李莲花进了昆仑玉虚宫后,看着周围忙忙碌碌的人,显得她格外闲。
阐教门人不少,截教弟子更是多。
没想到这次不仅仅只有阐教所有弟子到场,截教门人我都到了。
阐教弟子不多,除去十二金仙外,还有像姜望一样的外门弟子二三十人,加上三代弟子和服侍的童子,里外里也不过百来人。
李莲花没见到几个阐教服饰的人,为了区分,今日阐教具都穿红色,截教穿黄色。
到如今李莲花看到七八十人路过,其中只有几个穿着红衣,剩下都穿黄衣。
截教门人看到李莲花的时候虽然有些意外,却也在今天这样的日子都格外注意,客客气气给李莲花行礼,默认她是阐教重要弟子。
太乙得意洋洋,“小莲花,怎么样,这样被人尊重的日子开心不?”
李莲花看太乙的神色莫名。
太乙:?
李莲花翻个白眼,“那你享受吧。”
她并不喜欢被人追捧,不然也不会让太乙给她用化名挂在阐教。
她最烦人多时候聚在一起,有些重要记忆刻在她的神魂深处,让她厌倦极了这样的时刻。
李莲花干脆找了个房间躲进去。
她想躲清静。
突然,她听到一阵说话声从隔壁传来。
“师父,求你了,我真的不想背叛您,背叛截教!”
“长耳,这是天道钦定的,我们改变不了,为师也舍不得你,却不能让你任性,你若不去,又该如何活下去?”
“师父,如果活着的代价就是背叛养我长大为父为师的您,那我情愿不活着!”
“放肆!”
那人深呼吸一口气,“长耳,为师素来知晓你性子执拗,可这生死关头,天道选定你加入灵山,这是不可更改的既定事实,为师亦不能反抗天道,只凭你一句不愿就能改变吗?
师兄说的对,是为师太天真,才养出你们这些同样天真愚蠢的家伙!
是为师错了,可为师断然不能看着你们再错下去,活下去吧,为师毕竟养你们这么大,不要让为师伤心。”
“可是师父,你有没有想过让我背叛您,那徒儿此心该何去何从?
师父养徒儿这么大,悉心教导一切本事,到头来徒儿和师父却要分道扬镳?
徒儿从来把师父当做父亲,当做信仰,当做不可磨灭的崇高理想,您如今却要徒儿臣服天道舍弃骨肉师父?
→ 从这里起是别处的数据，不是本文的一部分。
lemma prime_1_mod_odd_eq:
  fixes p d :: nat
  assumes p: "prime p" "d dvd p - 1" and d: "odd d" "7 < d"
  shows "p = 1 + 2 * ((p - 1) div (2 * d)) * d" and "7 < p"
proof -
  have "1 < p"
    using p(1) by (rule prime_gt_1_nat)
  then have "d \<le> p - 1"
    by (intro dvd_imp_le[OF p(2)]) simp
  with d(2) show "7 < p"
    by linarith
  then have "odd p"
    using prime_odd_nat[OF p(1)] by simp
  then have "2 dvd p - 1"
    using \<open>1 < p\<close> by presburger
  moreover have "coprime 2 d"
    using d(1) by simp
  ultimately have "2 * d dvd p - 1"
    using divides_mult p(2) by blast
  then have "2 * d * ((p - 1) div (2 * d)) = p - 1"
    by (rule dvd_mult_div_cancel)
  moreover have "2 * ((p - 1) div (2 * d)) * d = 2 * d * ((p - 1) div (2 * d))"
    by (simp add: mult_ac)
  ultimately show "p = 1 + 2 * ((p - 1) div (2 * d)) * d"
    using \<open>1 < p\<close> by linarith
qed

lemma prime_gt_7_sieve_survivor:
  assumes "prime p" "7 < p" "p = 1 + 2 * u * d"
  shows "sieve_survivor d u"
proof -
  have "\<not> r dvd p" if "r \<in> {3, 5, 7}" for r :: nat
  proof
    assume "r dvd p"
    then have "r = 1 \<or> r = p"
      using assms(1) by (simp add: prime_nat_iff)
    then show False
      using that assms(2) by auto
  qed
  then show ?thesis
    unfolding sieve_survivor_def assms(3)[symmetric] by blast
qed

lemma card_primes_1_mod_le_sieve_count:
  assumes d: "coprime d 210" "7 < d"
  shows "card (primes_1_mod d n) \<le> sieve_count d ((n - 1) div d div 2)"
proof -
  have "odd d"
  proof
    assume "even d"
    then show False
      using coprime_common_divisor_nat[OF d(1), of 2] by simp
  qed
  have shape: "p = 1 + 2 * ((p - 1) div (2 * d)) * d" "7 < p" if "p \<in> primes_1_mod d n" for p
  proof -
    from that have p: "prime p" "d dvd p - 1"
      by (simp_all add: primes_1_mod_def primes_le_def)
    show "p = 1 + 2 * ((p - 1) div (2 * d)) * d" "7 < p"
      by (rule prime_1_mod_odd_eq[OF p \<open>odd d\<close> d(2)])+
  qed
  have "card (primes_1_mod d n) \<le> card {u \<in> {1..(n - 1) div d div 2}. sieve_survivor d u}"
  proof (rule card_inj_on_le)
    show "inj_on (\<lambda>p. (p - 1) div (2 * d)) (primes_1_mod d n)"
    proof (rule inj_onI)
      fix p p' assume p: "p \<in> primes_1_mod d n" and p': "p' \<in> primes_1_mod d n"
        and eq: "(p - 1) div (2 * d) = (p' - 1) div (2 * d)"
      have "p = 1 + 2 * ((p' - 1) div (2 * d)) * d"
        using shape(1)[OF p] unfolding eq .
      then show "p = p'"
        using shape(1)[OF p'] by (rule trans[OF _ sym])
    qed
    show "(\<lambda>p. (p - 1) div (2 * d)) ` primes_1_mod d n \<subseteq> {u \<in> {1..(n - 1) div d div 2}. sieve_survivor d u}"
    proof
      fix u assume "u \<in> (\<lambda>p. (p - 1) div (2 * d)) ` primes_1_mod d n"
      then obtain p where p: "p \<in> primes_1_mod d n" and u: "u = (p - 1) div (2 * d)"
        by blast
      have p_eq: "p = 1 + 2 * u * d" and "7 < p"
        using shape[OF p] unfolding u[symmetric] by blast+
      have "prime p" "p \<le> n"
        using p by (simp_all add: primes_1_mod_def primes_le_def)
      have "u \<noteq> 0"
        using p_eq \<open>7 < p\<close> by (cases "u = 0") simp_all
      moreover have "2 * u * d \<le> n - 1"
        using p_eq \<open>p \<le> n\<close> by linarith
      then have "2 * u \<le> (n - 1) div d"
        using d(2) by (simp add: less_eq_div_iff_mult_less_eq)
      then have "u \<le> (n - 1) div d div 2"
        by (simp add: less_eq_div_iff_mult_less_eq mult.commute)
      moreover have "sieve_survivor d u"
        using \<open>prime p\<close> \<open>7 < p\<close> p_eq by (rule prime_gt_7_sieve_survivor)
      ultimately show "u \<in> {u \<in> {1..(n - 1) div d div 2}. sieve_survivor d u}"
        by simp
    qed
  qed simp
  then show ?thesis
    by (simp add: sieve_count_def)
qed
徒儿不能也不愿,徒儿实在做不到,若天道逼迫,徒儿恐怕唯有一死!”
这话把通天教主气够呛。
李莲花听出来,这声音不就是通天教主和长耳定光仙的声音。
她已经不记得长耳定光仙曾经变作原型兔子模样,时常趴在李莲花旁边给她揪耳朵陪她玩耍。
即便如此,李莲花听得也是连连皱眉。
如果可以看到隔壁……
李莲花拿出金砖,在墙壁上砸出个洞,躲在那里看隔壁的情况。
只见长耳定光仙跪在地上却桀骜的不肯低头,眼睛血红梗着脖子,“师父,您若是执意逼我,那我只能把这条命给天道!”
通天教主气得当即给长耳定光仙一脚。
长耳定光仙跪着正是面对李莲花,被这一脚踹的滚出去,李莲花才看出来那是一个面容清秀的年轻人。
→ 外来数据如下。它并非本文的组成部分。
lemma prime_root_of_unity_eq_1:
  assumes l: "prime l" and w: "w ^ l = 1" and close: "v (w - 1) < padic_exp_radius p"
  shows "w = 1"
proof (rule ccontr)
  assume "w \<noteq> 1"
  define y where "y = w - 1"
  obtain l' where l': "l = Suc l'"
    using l by (cases l) auto
  define f where "f k = of_nat (l choose Suc (Suc k)) * y ^ Suc k" for k
  have y_small: "v y < 1"
    using close padic_exp_radius_less_1[OF p_gt_1] y_def by simp
  have "of_nat l + sum f {..<l'} = (\<Sum>k<l. of_nat (l choose Suc k) * y ^ k)"
    unfolding l' f_def by (subst sum.lessThan_Suc_shift) simp
  also have "\<dots> = 0"
    using root_of_unity_binomial_sum[OF w \<open>w \<noteq> 1\<close>] y_def by simp
  finally have vanish: "of_nat l + sum f {..<l'} = 0" .
  have f_le: "v (f k) \<le> v (of_nat (l choose Suc (Suc k)) :: 'a) * v y" for k
    unfolding f_def mult power using nonneg y_small
    by (intro mult_left_mono) (simp_all add: mult_left_le power_le_one)
  have "v (sum f {..<l'}) < v (of_nat l)"
  proof (cases "p dvd l")
    case False
    have "v (f k) < 1" for k
      using f_le[of k] of_nat_le_1[of "l choose Suc (Suc k)"] nonneg y_small
      by (meson mult_left_le_one_le le_less_trans)
    then show ?thesis
      using of_nat_not_dvd[OF False] by (intro sum_less) simp_all
  next
    case True
    then have lp: "l = p"
      using primes_dvd_imp_eq[OF prime l] by simp
    have "v (f k) < 1 / real p" if "k < l'" for k
    proof (cases "Suc (Suc k) = l")
      case True
      then have "v (f k) = v y ^ (p - 1)"
        using lp by (auto simp: f_def mult power)
      also have "\<dots> < padic_exp_radius p ^ (p - 1)"
        using close y_def nonneg lp l' that by (intro power_strict_mono) auto
      finally show ?thesis
        using padic_exp_radius_power[OF p_gt_1] by simp
    next
      case False
      then have "l dvd (l choose Suc (Suc k))"
        using l l' that by (intro dvd_choose_prime) auto
      then obtain c where "l choose Suc (Suc k) = l * c" ..
      then have "v (of_nat (l choose Suc (Suc k)) :: 'a) \<le> 1 / real p"
        using of_nat_p lp of_nat_le_1[of c] by (simp add: mult divide_right_mono)
      then have "v (f k) \<le> 1 / real p * v y"
        using f_le[of k] nonneg[of y] by (meson mult_right_mono order_trans)
      also have "\<dots> < 1 / real p"
        using y_small p_gt_1 by (simp add: divide_strict_right_mono)
      finally show ?thesis .
    qed
    then show ?thesis
      using of_nat_p lp p_gt_1 by (intro sum_less) simp_all
  qed
  then show False
    using add_neq_0 vanish by blast
qed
长耳定光仙从地上爬起来,面容是十七八岁的儒雅少年模样,白色长发乖顺垂在他耳朵两侧,雪白的兔耳朵在头顶微微弯曲,却又显得它格外不甘。
通天教主气得大口喘气,长耳定光仙也不服气,爬起来重新跪在通天教主面前,唇角鲜血缓缓溢出,他却擦都不擦。
“师父,如果非要背叛师父,那徒儿不孝,也不愿做背信弃义的人。”
通天教主知道长耳定光仙脾气倔,深呼吸几口气,劝他,“傻徒儿,这不怪你,是天命。何况不止有你如此,我师兄玉清那里也会有弟子一起转投西方教。
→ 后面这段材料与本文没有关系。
text \<open>
  Measure a vertex of level \<open>r\<close> receiving \<open>n\<close> accesses by its load \<open>x = n / (t k\<^sup>r)\<close>.
  A saturated vertex passes the load \<open>(p\<^sub>i / k) (x - 1)\<close> to its \<open>i\<close>-th child, so with
  \<open>q\<^sub>i = p\<^sub>i / k\<close> and \<open>\<Sum> q\<^sub>i\<^sup>s = 1\<close> the function \<open>x\<^sup>s\<close> is, up to constants, invariant
  under one splitting step. Subadditivity of \<open>x \<mapsto> x\<^sup>s\<close> for \<open>s \<le> 1\<close> absorbs the loss
  \<open>x - 1\<close> in the lower bound \<open>T \<ge> 4/5 x\<^sup>s + 1/5\<close>; in the upper bound \<open>T \<le> A x\<^sup>s - 1\<close>
  the constant \<open>A\<close> is chosen so large that even a single unsaturated child leaves
  enough room. Both bounds follow by induction on \<open>\<lceil>x\<rceil>\<close>. The bound on \<open>s\<close> is
  concavity: \<open>(4k)\<^sup>s = \<Sum> (4p\<^sub>i)\<^sup>s \<le> 4\<close>.
\<close>

lemma powr_add_le:
  fixes a b s :: real
  assumes "0 < s" "s \<le> 1" "0 \<le> a" "0 \<le> b"
  shows "(a + b) powr s \<le> a powr s + b powr s"
proof (cases "a + b = 0")
  case True
  then show ?thesis using assms by simp
next
  case False
  hence ab: "a + b > 0" using assms by simp
  have le_powr: "u \<le> u powr s" if "0 \<le> u" "u \<le> 1" for u :: real
  proof (cases "u = 0")
    case False
    hence "u powr 1 \<le> u powr s" using that assms by (intro powr_mono') auto
    thus ?thesis using False that by simp
  qed simp
  have "1 = a / (a + b) + b / (a + b)" using ab by (simp flip: add_divide_distrib)
  also have "\<dots> \<le> (a / (a + b)) powr s + (b / (a + b)) powr s"
    using ab assms by (intro add_mono le_powr) auto
  also have "\<dots> = (a powr s + b powr s) / (a + b) powr s"
    using assms by (simp add: powr_divide add_divide_distrib)
  finally show ?thesis using ab by (simp add: field_simps)
qed

lemma powr_sum_eq_exists:
  fixes p :: "'a \<Rightarrow> real"
  assumes "finite I" "2 \<le> card I" "\<And>i. i \<in> I \<Longrightarrow> 0 < p i" "sum p I \<le> k"
  shows "\<exists>s. 0 < s \<and> s \<le> 1 \<and> (\<Sum>i\<in>I. p i powr s) = k powr s"
proof -
  have "I \<noteq> {}" using assms(2) by auto
  hence "0 < k" using assms by (smt (verit) sum_pos)
  define f where "f s = (\<Sum>i\<in>I. p i powr s) - k powr s" for s :: real
  have "continuous_on {0..1} f"
    unfolding f_def using \<open>0 < k\<close> by (intro continuous_intros) (fastforce dest: assms(3))+
  moreover have f0: "f 0 = real (card I) - 1"
    unfolding f_def using \<open>0 < k\<close> assms(3) by (simp add: less_imp_neq[symmetric])
  moreover have "f 1 \<le> 0"
    unfolding f_def using assms(3,4) \<open>0 < k\<close> by (simp add: less_imp_le)
  ultimately obtain s where "0 \<le> s" "s \<le> 1" "f s = 0"
    using IVT2'[of f 1 0 0] assms(2) by auto
  moreover have "s \<noteq> 0" using f0 \<open>f s = 0\<close> assms(2) by auto
  ultimately show ?thesis unfolding f_def by (intro exI[of _ s]) auto
qed

text \<open>Concavity of \<open>x \<mapsto> x\<^sup>s\<close>, in the form of Young's inequality \<open>y\<^sup>s \<le> s y + (1 - s)\<close>.\<close>
lemma powr_sum_eq_exponent_le:
  fixes p :: "'a \<Rightarrow> real" and k s :: real
  assumes "finite I" "2 \<le> card I" "\<And>i. i \<in> I \<Longrightarrow> 0 < p i" "sum p I = 1"
    and "1 \<le> k" "0 \<le> s" "s \<le> 1" "(\<Sum>i\<in>I. p i powr s) = k powr s"
  shows "s \<le> ln (card I) / ln (card I * k)"
proof -
  define d where "d = real (card I)"
  have d: "2 \<le> d" using assms(2) by (simp add: d_def)
  have "(\<Sum>i\<in>I. (d * p i) powr s) \<le> (\<Sum>i\<in>I. s * (d * p i) + (1 - s))"
    using Youngs_inequality_0[of s "1 - s" "d * _" 1] assms(3,6,7) d
    by (intro sum_mono) auto
  also have "\<dots> = d"
    using assms(4) by (simp add: sum.distrib flip: sum_distrib_left) (simp add: d_def algebra_simps)
  finally have "(d * k) powr s \<le> d"
    using assms(3,5,8) d by (simp add: powr_mult flip: sum_distrib_left)
  hence "ln ((d * k) powr s) \<le> ln d"
    using assms(5) d by (subst ln_le_cancel_iff) auto
  hence "s * ln (d * k) \<le> ln d"
    using assms(5) d by (simp add: ln_powr)
  moreover have "0 < ln (d * k)"
    using mult_mono[of 2 d 1 k] d assms(5) by (intro ln_gt_zero) simp
  ultimately show ?thesis by (simp add: d_def pos_le_divide_eq)
qed

text \<open>
  The counting step of the upper bound: each child contributes either \<open>1\<close> (it is a
  leaf) or \<open>c\<^sub>i - 1\<close>; a leaf is paid for by the slack \<open>W - \<Sum> c\<^sub>i + c\<^sub>j\<close>.
\<close>
lemma one_plus_sum_le_if_leaf_or_bounded:
  fixes b c :: "'a \<Rightarrow> real"
  assumes "finite I" "2 \<le> card I"
    and leaf_or_bounded: "\<And>i. i \<in> I \<Longrightarrow> b i \<le> 1 \<or> b i \<le> c i - 1"
    and "\<And>i. i \<in> I \<Longrightarrow> 0 \<le> c i" "sum c I \<le> W"
    and slack: "\<And>j. j \<in> I \<Longrightarrow> card I + 2 \<le> W - sum c I + c j"
  shows "1 + sum b I \<le> W - 1"
proof (cases "\<forall>i\<in>I. b i \<le> c i - 1")
  case True
  hence "sum b I \<le> (\<Sum>i\<in>I. c i - 1)" by (intro sum_mono) auto
  also have "\<dots> = sum c I - card I" by (simp add: sum_subtractf)
  finally show ?thesis using assms(2,5) by linarith
next
  case False
  then obtain j where j: "j \<in> I" "b j \<le> 1" using leaf_or_bounded by auto
  have "sum b I = b j + sum b (I - {j})" using assms(1) j(1) by (simp add: sum.remove)
  also have "\<dots> \<le> 1 + (\<Sum>i\<in>I - {j}. c i + 1)"
    using j(2) leaf_or_bounded assms(4) by (intro add_mono sum_mono) force+
  also have "\<dots> = 1 + sum c I - c j + (real (card I) - 1)"
    using assms(1,2) j(1) by (simp add: sum.distrib sum_diff1 of_nat_diff)
  finally show ?thesis using slack[OF j(1)] by linarith
qed

locale DN_tree =
  fixes t k :: real and p :: "nat \<Rightarrow> real" and T :: "real \<Rightarrow> nat \<Rightarrow> real"
  assumes t_pos: "0 < t" and k_ge_1: "1 \<le> k"
    and p_pos: "i < 4 \<Longrightarrow> 0 < p i" and p_less_1: "i < 4 \<Longrightarrow> p i < 1"
    and T_rec: "DN_rec t k p T"
begin

definition load :: "real \<Rightarrow> nat \<Rightarrow> real" where
  "load n r = n / (t * k ^ r)"

lemma threshold_pos: "0 < t * k ^ r"
  using t_pos k_ge_1 by simp

lemma T_leaf: "0 \<le> n \<Longrightarrow> n \<le> t * k ^ r \<Longrightarrow> T n r = 1"
  using T_rec unfolding DN_rec_def by simp

lemma T_split:
  "t * k ^ r < n \<Longrightarrow> T n r = 1 + (\<Sum>i<4. T (p i * (n - t * k ^ r)) (Suc r))"
  using T_rec threshold_pos unfolding DN_rec_def
  by (metis less_eq_real_def not_le order.strict_trans1)

lemma load_le_1_iff: "load n r \<le> 1 \<longleftrightarrow> n \<le> t * k ^ r"
  using threshold_pos by (simp add: load_def)

lemma load_child: "load (p i * (n - t * k ^ r)) (Suc r) = p i / k * (load n r - 1)"
  using t_pos k_ge_1 by (simp add: load_def field_simps)

lemma load_child_le:
  assumes "i < 4" "t * k ^ r < n"
  shows "load (p i * (n - t * k ^ r)) (Suc r) \<le> load n r - 1"
proof -
  have "0 < p i" "p i < 1" using p_pos p_less_1 assms(1) by auto
  hence "p i / k \<le> 1" "0 \<le> p i / k" using k_ge_1 by auto
  moreover have "0 \<le> load n r - 1" using assms(2) load_le_1_iff[of n r] by simp
  ultimately show ?thesis unfolding load_child by (metis mult_left_le_one_le)
qed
截教门下也会有你许多师兄弟陪着你,你不是一只兔子孤军奋战。”
长耳定光仙依旧拒绝,“师父,他们是他们,我是我,他们能接受我不能,徒儿只知道徒儿生是师父的兔子,死了也是师父的死兔子,绝不奉第二人为师为首。”
通天教主闻言还要说什么,就看长耳定光仙突然起身冲着墙壁撞过去,竟然一头撞死在那里。
它想死,护身都不用,甚至在爬起来的一瞬间废掉自己一身修为,动作何其迅速。
通天教主盯着长耳定光仙的尸体,眼珠微微一动,和墙壁后面露出半张脸的李莲花对视上。
李莲花:!!!
看来她不得不出面了。
李莲花无奈从墙壁的洞飞过去,“好巧啊……”
通天教主脸色阴沉,“不巧!”
李莲花:这话没法接。
总不能说她在这里专门看人家师徒俩闹别扭甚至闹死了吧?
长耳定光仙的神魂飞出来,呆呆看着地上已经化成原型的雪白大兔子尸体。
“别看了,你都死掉了!”
李莲花幽幽开口。
通天教主视线重新落在地上兔子尸体上,一脸悲愤,“你怎么就想不开?!”
李莲花:“他死了也得做神仙啊,【封神榜】上有它的名字吗?”
通天教主无奈叹息,“以前没有,如今有,以前我千方百计想为徒弟求一个神位。
可如今我不想让徒弟成神。
我不想它们死,偏偏长耳又这样容易的死了,它都没给我反应机会。”
李莲花:“反应什么?让你救它?如果它注定成神,早晚都是要死掉的。”
通天教主:!!!
他一脸幽怨的看李莲花。
(有点儿忙,先这样吧,明天我争取本章节补上两千)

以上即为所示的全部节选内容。